GIVEN DATA

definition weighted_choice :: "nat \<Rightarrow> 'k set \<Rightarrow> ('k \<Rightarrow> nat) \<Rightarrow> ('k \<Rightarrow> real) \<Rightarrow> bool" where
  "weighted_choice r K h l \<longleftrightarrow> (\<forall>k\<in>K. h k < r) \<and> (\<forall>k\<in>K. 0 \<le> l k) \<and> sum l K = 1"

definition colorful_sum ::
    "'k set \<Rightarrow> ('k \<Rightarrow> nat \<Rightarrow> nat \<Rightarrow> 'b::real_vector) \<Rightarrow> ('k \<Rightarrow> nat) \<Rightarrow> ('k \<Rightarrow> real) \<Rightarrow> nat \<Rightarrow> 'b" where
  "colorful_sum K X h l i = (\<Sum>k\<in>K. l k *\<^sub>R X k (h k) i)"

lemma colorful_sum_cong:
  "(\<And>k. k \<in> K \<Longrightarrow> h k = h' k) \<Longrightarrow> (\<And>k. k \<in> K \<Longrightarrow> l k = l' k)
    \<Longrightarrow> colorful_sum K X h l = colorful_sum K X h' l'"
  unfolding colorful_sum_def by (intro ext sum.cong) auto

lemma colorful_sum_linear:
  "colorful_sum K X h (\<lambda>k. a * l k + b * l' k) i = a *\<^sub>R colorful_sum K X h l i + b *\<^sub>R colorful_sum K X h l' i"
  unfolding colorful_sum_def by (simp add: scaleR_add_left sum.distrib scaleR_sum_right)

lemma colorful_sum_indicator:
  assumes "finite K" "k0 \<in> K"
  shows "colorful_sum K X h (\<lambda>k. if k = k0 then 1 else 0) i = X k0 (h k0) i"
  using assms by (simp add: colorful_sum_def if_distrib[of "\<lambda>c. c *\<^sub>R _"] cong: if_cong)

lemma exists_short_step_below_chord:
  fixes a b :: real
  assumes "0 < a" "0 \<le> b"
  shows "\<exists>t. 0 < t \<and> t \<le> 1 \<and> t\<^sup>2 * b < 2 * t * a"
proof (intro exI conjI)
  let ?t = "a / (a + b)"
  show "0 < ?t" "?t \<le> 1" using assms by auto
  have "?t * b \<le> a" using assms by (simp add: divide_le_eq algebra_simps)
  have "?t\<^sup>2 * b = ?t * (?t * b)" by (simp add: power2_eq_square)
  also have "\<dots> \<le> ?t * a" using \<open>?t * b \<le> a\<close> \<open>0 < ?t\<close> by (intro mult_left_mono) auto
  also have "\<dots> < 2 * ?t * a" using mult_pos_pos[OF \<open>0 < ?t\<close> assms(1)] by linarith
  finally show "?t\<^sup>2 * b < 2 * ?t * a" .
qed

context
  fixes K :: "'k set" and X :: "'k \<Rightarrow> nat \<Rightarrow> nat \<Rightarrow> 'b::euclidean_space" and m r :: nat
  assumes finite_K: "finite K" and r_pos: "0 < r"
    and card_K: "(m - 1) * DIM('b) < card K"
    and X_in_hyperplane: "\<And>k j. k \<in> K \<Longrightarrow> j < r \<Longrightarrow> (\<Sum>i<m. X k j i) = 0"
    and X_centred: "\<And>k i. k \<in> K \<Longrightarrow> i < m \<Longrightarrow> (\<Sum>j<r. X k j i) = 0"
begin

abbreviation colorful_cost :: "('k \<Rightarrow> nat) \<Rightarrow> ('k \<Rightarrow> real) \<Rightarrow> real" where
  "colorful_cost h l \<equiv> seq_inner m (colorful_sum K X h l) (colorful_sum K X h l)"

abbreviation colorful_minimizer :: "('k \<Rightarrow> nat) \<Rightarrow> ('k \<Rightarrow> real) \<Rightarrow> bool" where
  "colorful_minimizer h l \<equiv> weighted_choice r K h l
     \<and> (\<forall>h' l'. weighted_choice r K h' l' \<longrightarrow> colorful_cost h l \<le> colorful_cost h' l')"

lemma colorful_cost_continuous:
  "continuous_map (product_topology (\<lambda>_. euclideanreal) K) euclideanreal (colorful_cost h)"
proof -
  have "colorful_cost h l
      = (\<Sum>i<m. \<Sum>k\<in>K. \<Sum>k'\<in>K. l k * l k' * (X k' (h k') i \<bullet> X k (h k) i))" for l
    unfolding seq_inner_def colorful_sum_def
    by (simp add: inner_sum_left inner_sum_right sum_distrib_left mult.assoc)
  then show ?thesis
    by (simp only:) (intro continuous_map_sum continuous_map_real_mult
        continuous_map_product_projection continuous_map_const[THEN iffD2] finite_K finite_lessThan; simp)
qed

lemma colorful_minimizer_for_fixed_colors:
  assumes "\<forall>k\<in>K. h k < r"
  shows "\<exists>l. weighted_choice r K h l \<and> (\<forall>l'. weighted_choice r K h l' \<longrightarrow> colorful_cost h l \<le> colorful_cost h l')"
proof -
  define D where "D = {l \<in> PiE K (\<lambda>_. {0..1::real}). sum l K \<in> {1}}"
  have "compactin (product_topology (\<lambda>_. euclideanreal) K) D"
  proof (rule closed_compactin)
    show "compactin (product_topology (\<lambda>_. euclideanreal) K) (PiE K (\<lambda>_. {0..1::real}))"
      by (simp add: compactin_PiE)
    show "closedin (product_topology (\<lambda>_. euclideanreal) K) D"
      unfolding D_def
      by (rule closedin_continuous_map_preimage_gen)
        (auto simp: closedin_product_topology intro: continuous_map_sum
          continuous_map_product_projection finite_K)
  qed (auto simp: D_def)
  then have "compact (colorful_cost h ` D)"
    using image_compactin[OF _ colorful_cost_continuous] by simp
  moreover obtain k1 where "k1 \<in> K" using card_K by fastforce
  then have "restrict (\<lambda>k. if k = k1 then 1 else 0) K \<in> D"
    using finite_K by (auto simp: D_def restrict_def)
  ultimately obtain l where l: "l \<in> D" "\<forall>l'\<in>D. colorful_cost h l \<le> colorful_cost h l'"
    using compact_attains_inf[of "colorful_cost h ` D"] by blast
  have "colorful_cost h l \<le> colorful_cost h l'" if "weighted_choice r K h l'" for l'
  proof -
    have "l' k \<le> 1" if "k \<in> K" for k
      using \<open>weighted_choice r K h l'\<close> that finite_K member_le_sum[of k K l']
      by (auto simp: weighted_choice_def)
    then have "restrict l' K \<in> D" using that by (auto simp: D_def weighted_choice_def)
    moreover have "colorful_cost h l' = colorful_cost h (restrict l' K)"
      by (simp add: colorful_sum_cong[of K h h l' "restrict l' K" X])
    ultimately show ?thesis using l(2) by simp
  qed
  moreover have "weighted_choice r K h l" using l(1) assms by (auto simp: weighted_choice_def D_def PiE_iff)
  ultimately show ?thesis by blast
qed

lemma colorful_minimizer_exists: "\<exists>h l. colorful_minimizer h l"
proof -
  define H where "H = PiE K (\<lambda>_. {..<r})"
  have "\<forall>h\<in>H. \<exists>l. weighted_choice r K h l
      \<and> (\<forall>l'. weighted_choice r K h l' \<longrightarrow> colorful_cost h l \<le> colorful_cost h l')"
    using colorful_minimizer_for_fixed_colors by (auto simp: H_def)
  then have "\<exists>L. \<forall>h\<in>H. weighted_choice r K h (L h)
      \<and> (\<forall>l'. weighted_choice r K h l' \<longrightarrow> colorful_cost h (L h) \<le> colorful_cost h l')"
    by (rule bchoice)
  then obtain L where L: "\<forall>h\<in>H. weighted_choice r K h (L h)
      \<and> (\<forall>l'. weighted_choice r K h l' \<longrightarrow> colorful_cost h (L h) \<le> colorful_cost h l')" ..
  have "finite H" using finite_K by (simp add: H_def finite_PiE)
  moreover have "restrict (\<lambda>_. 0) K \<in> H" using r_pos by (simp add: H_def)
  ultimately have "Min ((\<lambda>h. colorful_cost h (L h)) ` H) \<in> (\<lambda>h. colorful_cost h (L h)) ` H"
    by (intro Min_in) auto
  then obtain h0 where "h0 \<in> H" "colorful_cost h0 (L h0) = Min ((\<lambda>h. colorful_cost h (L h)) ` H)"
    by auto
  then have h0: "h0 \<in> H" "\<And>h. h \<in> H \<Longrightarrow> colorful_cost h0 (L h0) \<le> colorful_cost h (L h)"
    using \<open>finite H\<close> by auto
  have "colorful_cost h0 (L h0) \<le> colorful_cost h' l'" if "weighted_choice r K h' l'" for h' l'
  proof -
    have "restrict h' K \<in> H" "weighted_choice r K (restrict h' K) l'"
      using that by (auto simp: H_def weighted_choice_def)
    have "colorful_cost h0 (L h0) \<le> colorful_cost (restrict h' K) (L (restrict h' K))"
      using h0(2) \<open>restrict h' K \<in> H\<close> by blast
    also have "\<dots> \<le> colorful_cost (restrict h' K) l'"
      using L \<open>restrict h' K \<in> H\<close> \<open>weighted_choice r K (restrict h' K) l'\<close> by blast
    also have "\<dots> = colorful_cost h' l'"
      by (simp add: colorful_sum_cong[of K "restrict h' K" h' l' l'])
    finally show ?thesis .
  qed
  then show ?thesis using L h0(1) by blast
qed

TASK STATEMENT
In the listing above, count each line that holds the word "unfolding" and report the number alone.

WRITTEN SOLUTION
4